Tuesday, November 20, 2012

WHEN COPS USE EXCESSIVE FORCE WITHOUT APPARENT PROVOCATION

In LA, roughly 1,700 cases occur every year in which cops use Tasers and other types of non-lethal force when the use of that force was questionable

One does not have to be a psychologist to know that when a cop uses excessive force without provocation there is an underlying reason for him doing so. Unprovoked use of excessive force can and does occur within every police agency.

Since police patrol work is 95 percent utter boredom and five percent sheer terror, it may be nothing more than an officer having some fun at the expense of a helpless citizen to overcome the boredom, as was probably the case in which the officer tased a handcuffed woman.

In other cases it may be a cop taking his frustrations out on some citizen after having been chewed out by his sergeant or lieutenant, or after having had some squabble with his wife or other family member. In these cases, it is extremely important for the officer’s supervisor to be on the alert for any mood changes that make him unfit to work the streets that day.

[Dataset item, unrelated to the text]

(* Let $0<q<1$, let $m\in\{0,1,2,\dots\}$ and let $\lambda\in\left]0,\,q^m(1-q)^{-1}\right[$. Let $X\sim\mathscr{P}(\lambda;q,m)$ be the discrete random variable with $\Pr(X=j)=p_j(\lambda;q,m)$, $j=0,1,2,\dots$, as defined in the context. Then for every real $t$ with $|t|\le 1$, the probability generating function $\mathcal{G}_X(t):=\mathbb{E}(t^X)=\sum_{j\ge0}t^j p_j(\lambda;q,m)$ is given by \[ \mathcal{G}_{X}(t)=\frac{t^m\,(q^{-m}(1-q)\lambda;q)_\infty}{(q^{-m}t\lambda(1-q);q)_\infty}\;{}_3\phi_2\left(\begin{matrix}q^{-m},\,q/t,\,t\\ q^{1-m}(1-q)\lambda,\,q\end{matrix}\Big|\,q;\, q\lambda(1-q)\right), \] where the ${}_3\phi_2$ series terminates (it has at most $m+1$ nonzero terms).
   Context: Throughout $0<q<1$. For $a\in\mathbb{C}$: $(a;q)_0=1$, $(a;q)_n=\prod_{k=0}^{n-1}(1-aq^k)$ for $n\ge1$, $(a;q)_\infty=\prod_{k\ge0}(1-aq^k)$, and $(a_1,\dots,a_l;q)_n=\prod_{i=1}^l(a_i;q)_n$. The $q$-number is $[a]_q=(1-q^a)/(1-q)$. The basic hypergeometric series is ${}_{s+1}\phi_s\left(\begin{matrix}a_1,\dots,a_{s+1}\\ b_1,\dots,b_s\end{matrix}\Big|q;\xi\right)=\sum_{k\ge0}\frac{(a_1,\dots,a_{s+1};q)_k}{(b_1,\dots,b_s;q)_k}\frac{\xi^k}{(q;q)_k}$. The Wall (little $q$-Laguerre) polynomial is $P_n(x;a|q)={}_2\phi_1\left(\begin{matrix}q^{-n},0\\ aq\end{matrix}\Big|q;qx\right)=\sum_{k=0}^n\frac{(q^{-n};q)_k}{(aq;q)_k}\frac{(qx)^k}{(q;q)_k}$. Write $m\wedge j=\min(m,j)$, $m\vee j=\max(m,j)$, $\binom{n}{2}=n(n-1)/2$. For $0<\lambda<q^m/(1-q)$ set $\mathcal{N}_{q,m}(\lambda)=\frac{(q^{1-m}(1-q)\lambda;q)_m}{q^m\,(q^{-m}(1-q)\lambda;q)_\infty}$ and \[ p_j(\lambda;q,m)=\frac{q^{2\binom{m\wedge j}{2}}(1-q)^{|m-j|}\lambda^{|m-j|}}{\mathcal{N}_{q,m}(\lambda)\,q^{mj}(q;q)_j(q;q)_m}\left(\frac{(q;q)_{m\vee j}}{(q;q)_{|m-j|}}P_{m\wedge j}\big((1-q)\lambda;q^{|m-j|}\,|\,q\big)\right)^2,\quad j=0,1,2,\dots \] These are the probabilities $|\langle\Psi^q_{z,m},\phi^q_j\rangle|^2$ ($\lambda=z\bar z$) of a generalized $q$-deformed coherent state in a $q$-number-state basis; the distribution is called the generalized Euler distribution $\mathscr{P}(\lambda;q,m)$ of index $m$. *)

theory Defs
  imports "HOL-Analysis.Analysis"
begin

And will cops ever learn that when a fellow officer commits an egregious act, he does not deserve to be lied for? The cover-up is usually judged to be as bad as the act itself.

LAPD OFFICER USED TASER ON HANDCUFFED WOMAN
Elements of the officer’ version of events are contradicted by video footage. The department denies that this and other force cases add up to a behavioral pattern of abuse

By Joel Rubin

Los Angeles Times
November 17, 2012

A Los Angeles police officer shocked a handcuffed woman with a Taser stun gun while joking with other officers at the scene, according to interviews and law enforcement records, adding to a series of controversial use-of-force incidents at the LAPD.

Officer Jorge Santander then appeared to lie about the December 2010 incident repeatedly in written reports. The three other LAPD officers who witnessed Santander stun the woman all corroborated his version of events when first questioned and failed to tell supervisors that one officer had recorded a video of the encounter, the records show.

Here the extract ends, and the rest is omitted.